▶ ASSIGNMENT
Sort through the data and copy the lines holding the word "omega".

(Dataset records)
=== Begin Enclosure ===

(* Consider the two-dimensional Poisson regression model with interaction and $\boldsymbol{\beta}=(\beta_0,\beta_1,\beta_2,\beta_{12})^\top$ with $\beta_0\in\mathbb{R}$, $\beta_1,\beta_2<0$ and $\beta_{12}\le 0$. Let $\rho=-\beta_{12}/(\beta_1\beta_2)$, and let $t=(\sqrt{1+8\rho}-1)/(2\rho)$ if $\beta_{12}<0$ and $t=2$ if $\beta_{12}=0$. Then the design which assigns equal weights $1/4$ to the four settings $\mathbf{x}_0=(0,0)$, $\mathbf{x}_1=(2/|\beta_1|,0)$, $\mathbf{x}_2=(0,2/|\beta_2|)$ and $\mathbf{x}_3=(t/|\beta_1|,t/|\beta_2|)$ is locally $D$-optimal at $\boldsymbol{\beta}$ on $\mathcal{X}=[0,\infty)^2$.
   Context: In the two-dimensional Poisson regression model with interaction, an observation $Y$ at setting $\mathbf{x}=(x_1,x_2)$ is Poisson distributed with mean $\lambda(\mathbf{x})=\exp(\mathbf{f}(\mathbf{x})^\top\boldsymbol{\beta})$, where $\mathbf{f}(\mathbf{x})=(1,x_1,x_2,x_1x_2)^\top$. An (approximate) design $\xi$ on $\mathcal{X}$ is a finite collection of mutually distinct settings $\mathbf{x}_0,\dots,\mathbf{x}_{n-1}\in\mathcal{X}$ with weights $w_i\ge 0$, $\sum_i w_i=1$; its information matrix is $\mathbf{M}_{\boldsymbol{\beta}}(\xi)=\sum_i w_i\lambda(\mathbf{x}_i)\mathbf{f}(\mathbf{x}_i)\mathbf{f}(\mathbf{x}_i)^\top$. A design is locally $D$-optimal at $\boldsymbol{\beta}$ on $\mathcal{X}$ if it maximizes $\det\mathbf{M}_{\boldsymbol{\beta}}(\xi)$ over all designs on $\mathcal{X}$. *)

theory Defs
  imports "HOL-Analysis.Analysis"
begin
lemma VI_sol_cart_prod_fixed_point:
  assumes "\<And>i. Xb i \<subseteq> block_space blk i" "\<And>i. closed (Xb i)" "\<And>i. convex (Xb i)"
    and "VI_sol (cart_prod blk Xb) F xs" "0 \<le> t"
  shows "closest_point (Xb i) (blockproj blk i xs - t *\<^sub>R blockproj blk i (F xs)) = blockproj blk i xs"
proof (rule closest_point_step_fixed[OF assms(3,2)])
  show "blockproj blk i xs \<in> Xb i"
    using assms(4) by (simp add: VI_sol_def cart_prod_def)
qed (use VI_sol_cart_prod_blockwise[OF assms(1,4)] assms(5) in auto)

lemma abs_inner_le_weighted_squares:
  fixes a b :: "'a::real_inner"
  assumes "0 < L"
  shows "2 * \<bar>a \<bullet> b\<bar> \<le> L * (norm a)\<^sup>2 + (norm b)\<^sup>2 / L"
proof -
  have "2 * L * (norm a * norm b) \<le> (L * norm a)\<^sup>2 + (norm b)\<^sup>2"
    using sum_squares_ge_zero[of "L * norm a - norm b" 0] by (simp add: power2_eq_square algebra_simps)
  then have "2 * (norm a * norm b) \<le> L * (norm a)\<^sup>2 + (norm b)\<^sup>2 / L"
    using assms by (simp add: field_simps power2_eq_square)
  moreover have "\<bar>a \<bullet> b\<bar> \<le> norm a * norm b"
    by (rule Cauchy_Schwarz_ineq2)
  ultimately show ?thesis
    by linarith
qed

lemma power2_norm_diff_le:
  fixes a b :: "'a::real_normed_vector"
  shows "(norm (a - b))\<^sup>2 \<le> 2 * (norm a)\<^sup>2 + 2 * (norm b)\<^sup>2"
proof -
  have "(norm (a - b))\<^sup>2 \<le> (norm a + norm b)\<^sup>2"
    by (rule power_mono[OF norm_triangle_ineq4 norm_ge_zero])
  also have "\<dots> \<le> 2 * (norm a)\<^sup>2 + 2 * (norm b)\<^sup>2"
    using sum_squares_ge_zero[of "norm a - norm b" 0] by (simp add: power2_eq_square algebra_simps)
  finally show ?thesis .
qed

lemma sum_abs_inner_blockproj_le:
  fixes blk :: "'c::finite \<Rightarrow> 'i::finite"
  assumes "0 < L" "norm f \<le> L * norm d"
  shows "(\<Sum>i\<in>UNIV. \<bar>blockproj blk i d \<bullet> blockproj blk i f\<bar>) \<le> L * (norm d)\<^sup>2"
proof -
  have "2 * (\<Sum>i\<in>UNIV. \<bar>blockproj blk i d \<bullet> blockproj blk i f\<bar>)
      \<le> (\<Sum>i\<in>UNIV. L * (norm (blockproj blk i d))\<^sup>2 + (norm (blockproj blk i f))\<^sup>2 / L)"
    unfolding sum_distrib_left by (intro sum_mono abs_inner_le_weighted_squares assms(1))
  also have "\<dots> = L * (norm d)\<^sup>2 + (norm f)\<^sup>2 / L"
    by (simp add: sum.distrib sum_distrib_left[symmetric] sum_divide_distrib[symmetric] sum_norm_blockproj)
  also have "(norm f)\<^sup>2 / L \<le> L * (norm d)\<^sup>2"
  proof -
    have "(norm f)\<^sup>2 \<le> (L * norm d)\<^sup>2"
      by (rule power_mono[OF assms(2)]) simp
    then show ?thesis
      using assms(1) by (simp add: pos_divide_le_eq power_mult_distrib power2_eq_square mult_ac)
  qed
  finally show ?thesis
    by linarith
qed

lemma sum_weighted_inner_blockproj_ge:
  fixes blk :: "'c::finite \<Rightarrow> 'i::finite"
  assumes "0 < L" "norm f \<le> L * norm d" "\<eta> * (norm d)\<^sup>2 \<le> f \<bullet> d"
    and "0 \<le> \<delta>" "\<And>i. \<delta> \<le> \<gamma> i" "\<And>i. \<gamma> i \<le> \<Gamma>"
  shows "(\<delta> * \<eta> - (\<Gamma> - \<delta>) * L) * (norm d)\<^sup>2
           \<le> (\<Sum>i\<in>UNIV. \<gamma> i * (blockproj blk i d \<bullet> blockproj blk i f))"
proof -
  let ?p = "\<lambda>i. blockproj blk i d \<bullet> blockproj blk i f"
  have "\<delta> * (\<eta> * (norm d)\<^sup>2) \<le> \<delta> * (\<Sum>i\<in>UNIV. ?p i)"
    using assms(3,4) by (simp add: sum_inner_blockproj inner_commute mult_left_mono)
  moreover have "- ((\<Gamma> - \<delta>) * \<bar>?p i\<bar>) \<le> (\<gamma> i - \<delta>) * ?p i" for i
  proof -
    have "\<bar>(\<gamma> i - \<delta>) * ?p i\<bar> \<le> (\<Gamma> - \<delta>) * \<bar>?p i\<bar>"
      unfolding abs_mult using assms(5,6)[of i] by (intro mult_right_mono) auto
    then show ?thesis
      by linarith
  qed
  then have "- ((\<Gamma> - \<delta>) * (\<Sum>i\<in>UNIV. \<bar>?p i\<bar>)) \<le> (\<Sum>i\<in>UNIV. (\<gamma> i - \<delta>) * ?p i)"
    by (simp add: sum_distrib_left sum_negf[symmetric] sum_mono)
  moreover have "(\<Gamma> - \<delta>) * (\<Sum>i\<in>UNIV. \<bar>?p i\<bar>) \<le> (\<Gamma> - \<delta>) * (L * (norm d)\<^sup>2)"
    using sum_abs_inner_blockproj_le[OF assms(1,2)] assms(5,6)[of undefined]
    by (intro mult_left_mono) auto
  ultimately show ?thesis
    by (simp add: algebra_simps sum.distrib sum_subtractf sum_distrib_left)
qed

lemma blockwise_step_contraction:
  fixes blk :: "'c::finite \<Rightarrow> 'i::finite"
  assumes "0 < L" "norm f \<le> L * norm d" "\<eta> * (norm d)\<^sup>2 \<le> f \<bullet> d"
    and "0 \<le> \<delta>" "\<And>i. \<delta> \<le> \<gamma> i" "\<And>i. \<gamma> i \<le> \<Gamma>"
  shows "(\<Sum>i\<in>UNIV. (norm (blockproj blk i d - \<gamma> i *\<^sub>R blockproj blk i f))\<^sup>2)
           \<le> (1 - 2 * (\<eta> + L) * \<delta> + 2 * L * \<Gamma> + L\<^sup>2 * \<Gamma>\<^sup>2) * (norm d)\<^sup>2"
proof -
  have "(norm (blockproj blk i d - \<gamma> i *\<^sub>R blockproj blk i f))\<^sup>2
      = (norm (blockproj blk i d))\<^sup>2 - 2 * (\<gamma> i * (blockproj blk i d \<bullet> blockproj blk i f))
        + (\<gamma> i)\<^sup>2 * (norm (blockproj blk i f))\<^sup>2" for i
    unfolding power2_norm_eq_inner by (simp add: inner_diff_left inner_diff_right inner_commute power2_eq_square)
  then have "(\<Sum>i\<in>UNIV. (norm (blockproj blk i d - \<gamma> i *\<^sub>R blockproj blk i f))\<^sup>2)
      = (norm d)\<^sup>2 - 2 * (\<Sum>i\<in>UNIV. \<gamma> i * (blockproj blk i d \<bullet> blockproj blk i f))
        + (\<Sum>i\<in>UNIV. (\<gamma> i)\<^sup>2 * (norm (blockproj blk i f))\<^sup>2)"
    by (simp add: sum.distrib sum_subtractf sum_distrib_left sum_norm_blockproj)
  also have "\<dots> \<le> (norm d)\<^sup>2 - 2 * ((\<delta> * \<eta> - (\<Gamma> - \<delta>) * L) * (norm d)\<^sup>2) + \<Gamma>\<^sup>2 * (L\<^sup>2 * (norm d)\<^sup>2)"
  proof -
    have "(norm f)\<^sup>2 \<le> (L * norm d)\<^sup>2"
      by (rule power_mono[OF assms(2)]) simp
    then have "(norm f)\<^sup>2 \<le> L\<^sup>2 * (norm d)\<^sup>2"
      by (simp add: power_mult_distrib)
    then have "\<Gamma>\<^sup>2 * (norm f)\<^sup>2 \<le> \<Gamma>\<^sup>2 * (L\<^sup>2 * (norm d)\<^sup>2)"
      by (rule mult_left_mono) simp
    moreover have "(\<Sum>i\<in>UNIV. (\<gamma> i)\<^sup>2 * (norm (blockproj blk i f))\<^sup>2) \<le> \<Gamma>\<^sup>2 * (norm f)\<^sup>2"
      using order_trans[OF assms(4,5)] assms(6) by (rule sum_weighted_norm_blockproj_le)
    ultimately have "(\<Sum>i\<in>UNIV. (\<gamma> i)\<^sup>2 * (norm (blockproj blk i f))\<^sup>2) \<le> \<Gamma>\<^sup>2 * (L\<^sup>2 * (norm d)\<^sup>2)"
      by linarith
    moreover have "(\<delta> * \<eta> - (\<Gamma> - \<delta>) * L) * (norm d)\<^sup>2
        \<le> (\<Sum>i\<in>UNIV. \<gamma> i * (blockproj blk i d \<bullet> blockproj blk i f))"
      using assms by (rule sum_weighted_inner_blockproj_ge)
    ultimately show ?thesis
      by linarith
  qed
  also have "\<dots> = (1 - 2 * (\<eta> + L) * \<delta> + 2 * L * \<Gamma> + L\<^sup>2 * \<Gamma>\<^sup>2) * (norm d)\<^sup>2"
    by (simp add: algebra_simps)
  finally show ?thesis .
qed

lemma borel_measurable_continuous_on_into:
  assumes "continuous_on X \<phi>" "f \<in> borel_measurable N" "\<And>\<omega>. \<omega> \<in> space N \<Longrightarrow> f \<omega> \<in> X"
  shows "(\<lambda>\<omega>. \<phi> (f \<omega>)) \<in> borel_measurable N"
proof -
  have "f \<in> N \<rightarrow>\<^sub>M restrict_space borel X"
    by (rule measurable_restrict_space2) (use assms in auto)
  then show ?thesis
    using borel_measurable_continuous_on_restrict[OF assms(1)] by (rule measurable_compose)
qed
(* Let $\mathcal{C}$ be a non-attacking $q$-configuration. Then there exists $N$ such that for all $n \ge N$ we have $\mathcal{C} \subset \mathcal{B}_n$ and $$\mathrm{cover}_n(\mathcal{C}) = (4n-3)q - \mathrm{inloss}_n(\mathcal{C}) - \mathrm{cenloss}_n(\mathcal{C}).$$
   Context: For $n \in \mathbb{N}$ let $I_n = \{\lfloor (2-n)/2 \rfloor, \ldots, \lfloor n/2 \rfloor\}$ and $\mathcal{B}_n = I_n \times I_n$. A configuration is a finite set $\mathcal{C} \subset \mathbb{Z}\times\mathbb{Z}$; a $q$-configuration has $|\mathcal{C}|=q$. For $Q=(x,y)$, $A(Q) = \{(x+i,y),(x,y+i),(x+i,y+i),(x+i,y-i) : i \in \mathbb{Z}\setminus\{0\}\}$, $A(\mathcal{C}) = \bigcup_{Q\in\mathcal{C}} A(Q)$, and $\mathrm{cover}_n(\mathcal{C}) = |(\mathcal{C}\cup A(\mathcal{C}))\cap \mathcal{B}_n|$. $\mathcal{C}$ is non-attacking if $Q'\notin A(Q)$ for all distinct $Q,Q'\in\mathcal{C}$. The attacking number is $a_{\mathcal{C}}(s) = \#\{Q \in \mathcal{C} : s \in A(Q)\}$ and the internal loss is $\mathrm{inloss}_n(\mathcal{C}) = \sum_{s \in A(\mathcal{C})\cap\mathcal{B}_n} (a_{\mathcal{C}}(s) - 1)$. The centralized loss of a Queen $Q=(x,y)$ on $\mathcal{B}_n$ is $\mathrm{cenloss}_n(Q) = 2\max\{|x|,|y|\}$ if $n$ is odd, and $\mathrm{cenloss}_n(Q) = 1 + 2\min_{c}\max\{|x-c_1|,|y-c_2|\}$ if $n$ is even, the minimum over the four central squares $c=(c_1,c_2)\in\{(0,0),(1,0),(0,1),(1,1)\}$; and $\mathrm{cenloss}_n(\mathcal{C}) = \sum_{Q\in\mathcal{C}}\mathrm{cenloss}_n(Q)$. *)

theory Defs
  imports Main
begin

type_synonym square = "int \<times> int"

definition I :: "nat \<Rightarrow> int set" where
  "I n = {(2 - int n) div 2 .. int n div 2}"
(* integer div rounds toward -infinity, so (2-n) div 2 = floor((2-n)/2) *)

definition B :: "nat \<Rightarrow> square set" where
  "B n = I n \<times> I n"

definition attacks :: "square \<Rightarrow> square set" where
  "attacks Q = (case Q of (x, y) \<Rightarrow>
     {(x + i, y) | i. i \<noteq> 0} \<union> {(x, y + i) | i. i \<noteq> 0} \<union>
     {(x + i, y + i) | i. i \<noteq> 0} \<union> {(x + i, y - i) | i. i \<noteq> 0})"

definition attacksC :: "square set \<Rightarrow> square set" where
  "attacksC C = (\<Union>Q\<in>C. attacks Q)"

definition cover :: "nat \<Rightarrow> square set \<Rightarrow> nat" where
  "cover n C = card ((C \<union> attacksC C) \<inter> B n)"

definition non_attacking :: "square set \<Rightarrow> bool" where
  "non_attacking C \<longleftrightarrow> (\<forall>Q\<in>C. \<forall>Q'\<in>C. Q \<noteq> Q' \<longrightarrow> Q' \<notin> attacks Q)"

definition attacking_number :: "square set \<Rightarrow> square \<Rightarrow> nat" where
  "attacking_number C s = card {Q \<in> C. s \<in> attacks Q}"

definition inloss :: "nat \<Rightarrow> square set \<Rightarrow> int" where
  "inloss n C = (\<Sum>s\<in>attacksC C \<inter> B n. int (attacking_number C s) - 1)"

definition cenloss_queen :: "nat \<Rightarrow> square \<Rightarrow> int" where
  "cenloss_queen n Q = (case Q of (x, y) \<Rightarrow>
     if odd n then 2 * max \<bar>x\<bar> \<bar>y\<bar>
     else 1 + 2 * Min ((\<lambda>(c1, c2). max \<bar>x - c1\<bar> \<bar>y - c2\<bar>) ` {(0,0),(1,0),(0,1),(1,1)}))"

definition cenloss :: "nat \<Rightarrow> square set \<Rightarrow> int" where
  "cenloss n C = (\<Sum>Q\<in>C. cenloss_queen n Q)"

end

theory Submission
  imports Defs
begin

(* A queen at (x, y) of the box {lo..hi}^2 attacks hi - lo squares of the box along its row and
   along its column, and its two diagonals fall short of that by |x - y| and |x + y - (lo + hi)|.
   For B n we have hi - lo = n - 1 and lo + hi = 0 (n odd) or 1 (n even); the two shortfalls
   then add up to twice the max-norm distance from (x, y) to the centre point of B n, which is
   cenloss n (x, y).  Summing over the queens counts every attacked square s of B n exactly a(s)
   times, i.e. |A(C) \<inter> B n| + inloss n C in total, and non-attacking queens occupy no
   attacked square, so cover n C = q + |A(C) \<inter> B n|. *)

lemma card_Icc_minus_zero:
  assumes "l \<le> 0" and "0 \<le> u"
  shows "int (card ({l..u} - {0::int})) = u - l"
  using assms by simp

lemma card_queen_lines:
  fixes x y :: int
  assumes "finite R" "finite S" "finite D" "finite E" and "0 \<notin> R" "0 \<notin> S" "0 \<notin> D" "0 \<notin> E"
  shows "card ((\<lambda>i. (x + i, y)) ` R \<union> (\<lambda>i. (x, y + i)) ` S \<union> (\<lambda>i. (x + i, y + i)) ` D \<union>
                (\<lambda>i. (x + i, y - i)) ` E) = card R + card S + card D + card E"
  using assms by (subst card_Un_disjoint; auto simp: card_image inj_on_def)+

lemma card_attacks_inter_box:
  assumes "x \<in> {lo..hi}" and "y \<in> {lo..hi}"
  shows "int (card (attacks (x, y) \<inter> {lo..hi} \<times> {lo..hi})) =
           4 * (hi - lo) - \<bar>x - y\<bar> - \<bar>x + y - (lo + hi)\<bar>"
proof -
  define R S D E where
    "R = {lo - x..hi - x} - {0}" and "S = {lo - y..hi - y} - {0}" and
    "D = {max (lo - x) (lo - y)..min (hi - x) (hi - y)} - {0}" and
    "E = {max (lo - x) (y - hi)..min (hi - x) (y - lo)} - {0}"
  have lines: "attacks (x, y) \<inter> {lo..hi} \<times> {lo..hi} =
      (\<lambda>i. (x + i, y)) ` R \<union> (\<lambda>i. (x, y + i)) ` S \<union> (\<lambda>i. (x + i, y + i)) ` D \<union> (\<lambda>i. (x + i, y - i)) ` E"
    using assms by (auto simp: attacks_def R_def S_def D_def E_def)
  have "finite R" "finite S" "finite D" "finite E" and "0 \<notin> R" "0 \<notin> S" "0 \<notin> D" "0 \<notin> E"
    by (simp_all add: R_def S_def D_def E_def)
  then have "int (card (attacks (x, y) \<inter> {lo..hi} \<times> {lo..hi})) =
      int (card R) + int (card S) + int (card D) + int (card E)"
    unfolding lines by (simp add: card_queen_lines)
  moreover have "int (card R) = hi - lo" and "int (card S) = hi - lo"
    using assms unfolding R_def S_def by (subst card_Icc_minus_zero; simp)+
  moreover have "int (card D) = hi - lo - \<bar>x - y\<bar>"
  proof -
    have "min (hi - x) (hi - y) - max (lo - x) (lo - y) = hi - lo - \<bar>x - y\<bar>"
      by linarith
    then show ?thesis
      using assms unfolding D_def by (subst card_Icc_minus_zero) auto
  qed
  moreover have "int (card E) = hi - lo - \<bar>x + y - (lo + hi)\<bar>"
  proof -
    have "min (hi - x) (y - lo) - max (lo - x) (y - hi) = hi - lo - \<bar>x + y - (lo + hi)\<bar>"
      by linarith
    then show ?thesis
      using assms unfolding E_def by (subst card_Icc_minus_zero) auto
  qed
  ultimately show ?thesis
    by simp
qed

lemma B_eq_box: "B n = {(2 - int n) div 2 .. int n div 2} \<times> {(2 - int n) div 2 .. int n div 2}"
  by (simp add: B_def I_def)

lemma finite_B: "finite (B n)"
  by (simp add: B_eq_box)

lemma I_bounds_diff: "int n div 2 - (2 - int n) div 2 = int n - 1"
  by presburger

lemma I_bounds_sum: "int n div 2 + (2 - int n) div 2 = of_bool (even n)"
  by (auto elim!: evenE oddE)

lemma cenloss_queen_eq_abs:
  "cenloss_queen n (x, y) = \<bar>x - y\<bar> + \<bar>x + y - of_bool (even n)\<bar>"
proof -
  have cenloss: "cenloss_queen n (x, y) =
      (if odd n then 2 * max \<bar>x\<bar> \<bar>y\<bar>
       else 1 + 2 * min (max \<bar>x\<bar> \<bar>y\<bar>)
                      (min (max \<bar>x - 1\<bar> \<bar>y\<bar>) (min (max \<bar>x\<bar> \<bar>y - 1\<bar>) (max \<bar>x - 1\<bar> \<bar>y - 1\<bar>))))"
    unfolding cenloss_queen_def
    by (simp only: image_insert image_empty Min_insert Min_singleton finite_insert finite.emptyI
        insert_not_empty not_False_eq_True case_prod_conv diff_0_right)
  show ?thesis
  proof (cases "even n")
    case True
    then have "cenloss_queen n (x, y) =
        1 + 2 * min (max \<bar>x\<bar> \<bar>y\<bar>)
                    (min (max \<bar>x - 1\<bar> \<bar>y\<bar>) (min (max \<bar>x\<bar> \<bar>y - 1\<bar>) (max \<bar>x - 1\<bar> \<bar>y - 1\<bar>)))"
      by (simp only: cenloss not_True_eq_False if_False)
    also have "\<dots> = \<bar>x - y\<bar> + \<bar>x + y - 1\<bar>"
      by (cases "x \<le> 0"; cases "y \<le> 0"; cases "x \<le> y"; simp add: abs_if max_def min_def)
    finally show ?thesis
      using True by simp
  next
    case False
    then have "cenloss_queen n (x, y) = 2 * max \<bar>x\<bar> \<bar>y\<bar>"
      by (simp only: cenloss not_False_eq_True if_True)
    also have "\<dots> = \<bar>x - y\<bar> + \<bar>x + y\<bar>"
      by linarith
    finally show ?thesis
      using False by simp
  qed
qed

lemma card_attacks_inter_B:
  assumes "Q \<in> B n"
  shows "int (card (attacks Q \<inter> B n)) = 4 * int n - 4 - cenloss_queen n Q"
proof -
  obtain x y where Q: "Q = (x, y)"
    by fastforce
  define lo hi where "lo = (2 - int n) div 2" and "hi = int n div 2"
  have "x \<in> {lo..hi}" "y \<in> {lo..hi}"
    using assms by (simp_all add: Q B_eq_box lo_def hi_def)
  then have "int (card (attacks Q \<inter> B n)) = 4 * (hi - lo) - \<bar>x - y\<bar> - \<bar>x + y - (lo + hi)\<bar>"
    unfolding Q B_eq_box lo_def hi_def by (rule card_attacks_inter_box)
  moreover have "hi - lo = int n - 1" and "lo + hi = of_bool (even n)"
    using I_bounds_diff I_bounds_sum by (simp_all add: lo_def hi_def add.commute)
  ultimately show ?thesis
    by (simp add: Q cenloss_queen_eq_abs)
qed

lemma sum_attacking_number:
  assumes "finite C" and "finite S"
  shows "(\<Sum>s\<in>attacksC C \<inter> S. attacking_number C s) = (\<Sum>Q\<in>C. card (attacks Q \<inter> S))"
proof -
  have "(\<Sum>s\<in>attacksC C \<inter> S. attacking_number C s) =
        (\<Sum>s\<in>attacksC C \<inter> S. \<Sum>Q\<in>C. of_bool (s \<in> attacks Q))"
    using assms(1) by (simp add: attacking_number_def Collect_conj_eq Int_commute)
  also have "\<dots> = (\<Sum>Q\<in>C. \<Sum>s\<in>attacksC C \<inter> S. of_bool (s \<in> attacks Q))"
    by (rule sum.swap)
  also have "\<dots> = (\<Sum>Q\<in>C. card (attacks Q \<inter> S))"
  proof (rule sum.cong)
    fix Q assume "Q \<in> C"
    then have "attacksC C \<inter> S \<inter> {s. s \<in> attacks Q} = attacks Q \<inter> S"
      by (auto simp: attacksC_def)
    then show "(\<Sum>s\<in>attacksC C \<inter> S. of_bool (s \<in> attacks Q)) = card (attacks Q \<inter> S)"
      using assms(2) by simp
  qed simp
  finally show ?thesis .
qed

lemma self_notin_attacks: "Q \<notin> attacks Q"
  by (cases Q) (simp add: attacks_def)

lemma disjoint_attacksC:
  assumes "non_attacking C"
  shows "C \<inter> attacksC C = {}"
  using assms self_notin_attacks unfolding non_attacking_def attacksC_def by fastforce

lemma cover_eq_card_add:
  assumes "finite C" and "non_attacking C" and "C \<subseteq> B n"
  shows "cover n C = card C + card (attacksC C \<inter> B n)"
proof -
  have "(C \<union> attacksC C) \<inter> B n = C \<union> (attacksC C \<inter> B n)"
    using assms(3) by blast
  moreover have "C \<inter> (attacksC C \<inter> B n) = {}"
    using disjoint_attacksC[OF assms(2)] by blast
  ultimately show ?thesis
    unfolding cover_def using assms(1) finite_B by (simp add: card_Un_disjoint)
qed

lemma inloss_eq_sum_minus_card:
  "inloss n C = (\<Sum>s\<in>attacksC C \<inter> B n. int (attacking_number C s)) - int (card (attacksC C \<inter> B n))"
  by (simp add: inloss_def sum_subtractf)

lemma cover_formula:
  assumes "finite C" and "non_attacking C" and "C \<subseteq> B n"
  shows "int (cover n C) = (4 * int n - 3) * int (card C) - inloss n C - cenloss n C"
proof -
  have "(\<Sum>s\<in>attacksC C \<inter> B n. int (attacking_number C s)) = (\<Sum>Q\<in>C. int (card (attacks Q \<inter> B n)))"
    using sum_attacking_number[OF assms(1) finite_B] by (metis of_nat_sum)
  also have "\<dots> = (\<Sum>Q\<in>C. 4 * int n - 4 - cenloss_queen n Q)"
    using assms(3) by (intro sum.cong) (auto simp: card_attacks_inter_B)
  also have "\<dots> = (4 * int n - 4) * int (card C) - cenloss n C"
    by (simp add: sum_subtractf cenloss_def)
  finally show ?thesis
    using cover_eq_card_add[OF assms] inloss_eq_sum_minus_card[of n C] by (simp add: algebra_simps)
qed

lemma box_subset_B:
  assumes "2 * M + 2 \<le> int n"
  shows "{-M..M} \<times> {-M..M} \<subseteq> B n"
proof -
  have "(2 - int n) div 2 \<le> -M" and "M \<le> int n div 2"
    using assms by presburger+
  then show ?thesis
    by (auto simp: B_eq_box)
qed

lemma eventually_subset_B:
  assumes "finite C"
  shows "\<exists>N. \<forall>n\<ge>N. C \<subseteq> B n"
proof -
  obtain M where M: "\<forall>m\<in>(\<lambda>(x, y). nat (max \<bar>x\<bar> \<bar>y\<bar>)) ` C. m \<le> M"
    using assms finite_nat_set_iff_bounded_le by blast
  have "C \<subseteq> {-int M..int M} \<times> {-int M..int M}"
    using M by fastforce
  moreover have "{-int M..int M} \<times> {-int M..int M} \<subseteq> B n" if "n \<ge> 2 * M + 2" for n
    using that by (intro box_subset_B) linarith
  ultimately show ?thesis
    by blast
qed

theorem mainTheorem5:
  fixes C :: "(int \<times> int) set" and q :: nat
  assumes "finite C" and "card C = q" and "non_attacking C"
  shows "\<exists>N::nat. \<forall>n\<ge>N. C \<subseteq> B n \<and>
           int (cover n C) = (4 * int n - 3) * int q - inloss n C - cenloss n C"
proof -
  obtain N where N: "\<forall>n\<ge>N. C \<subseteq> B n"
    using eventually_subset_B[OF assms(1)] by blast
  then have "\<forall>n\<ge>N. C \<subseteq> B n \<and>
      int (cover n C) = (4 * int n - 3) * int q - inloss n C - cenloss n C"
    using cover_formula[OF assms(1,3)] assms(2) by simp
  then show ?thesis ..
qed

end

=== End Enclosure ===

▶ RESPONSE
  assumes "continuous_on X \<phi>" "f \<in> borel_measurable N" "\<And>\<omega>. \<omega> \<in> space N \<Longrightarrow> f \<omega> \<in> X"
  shows "(\<lambda>\<omega>. \<phi> (f \<omega>)) \<in> borel_measurable N"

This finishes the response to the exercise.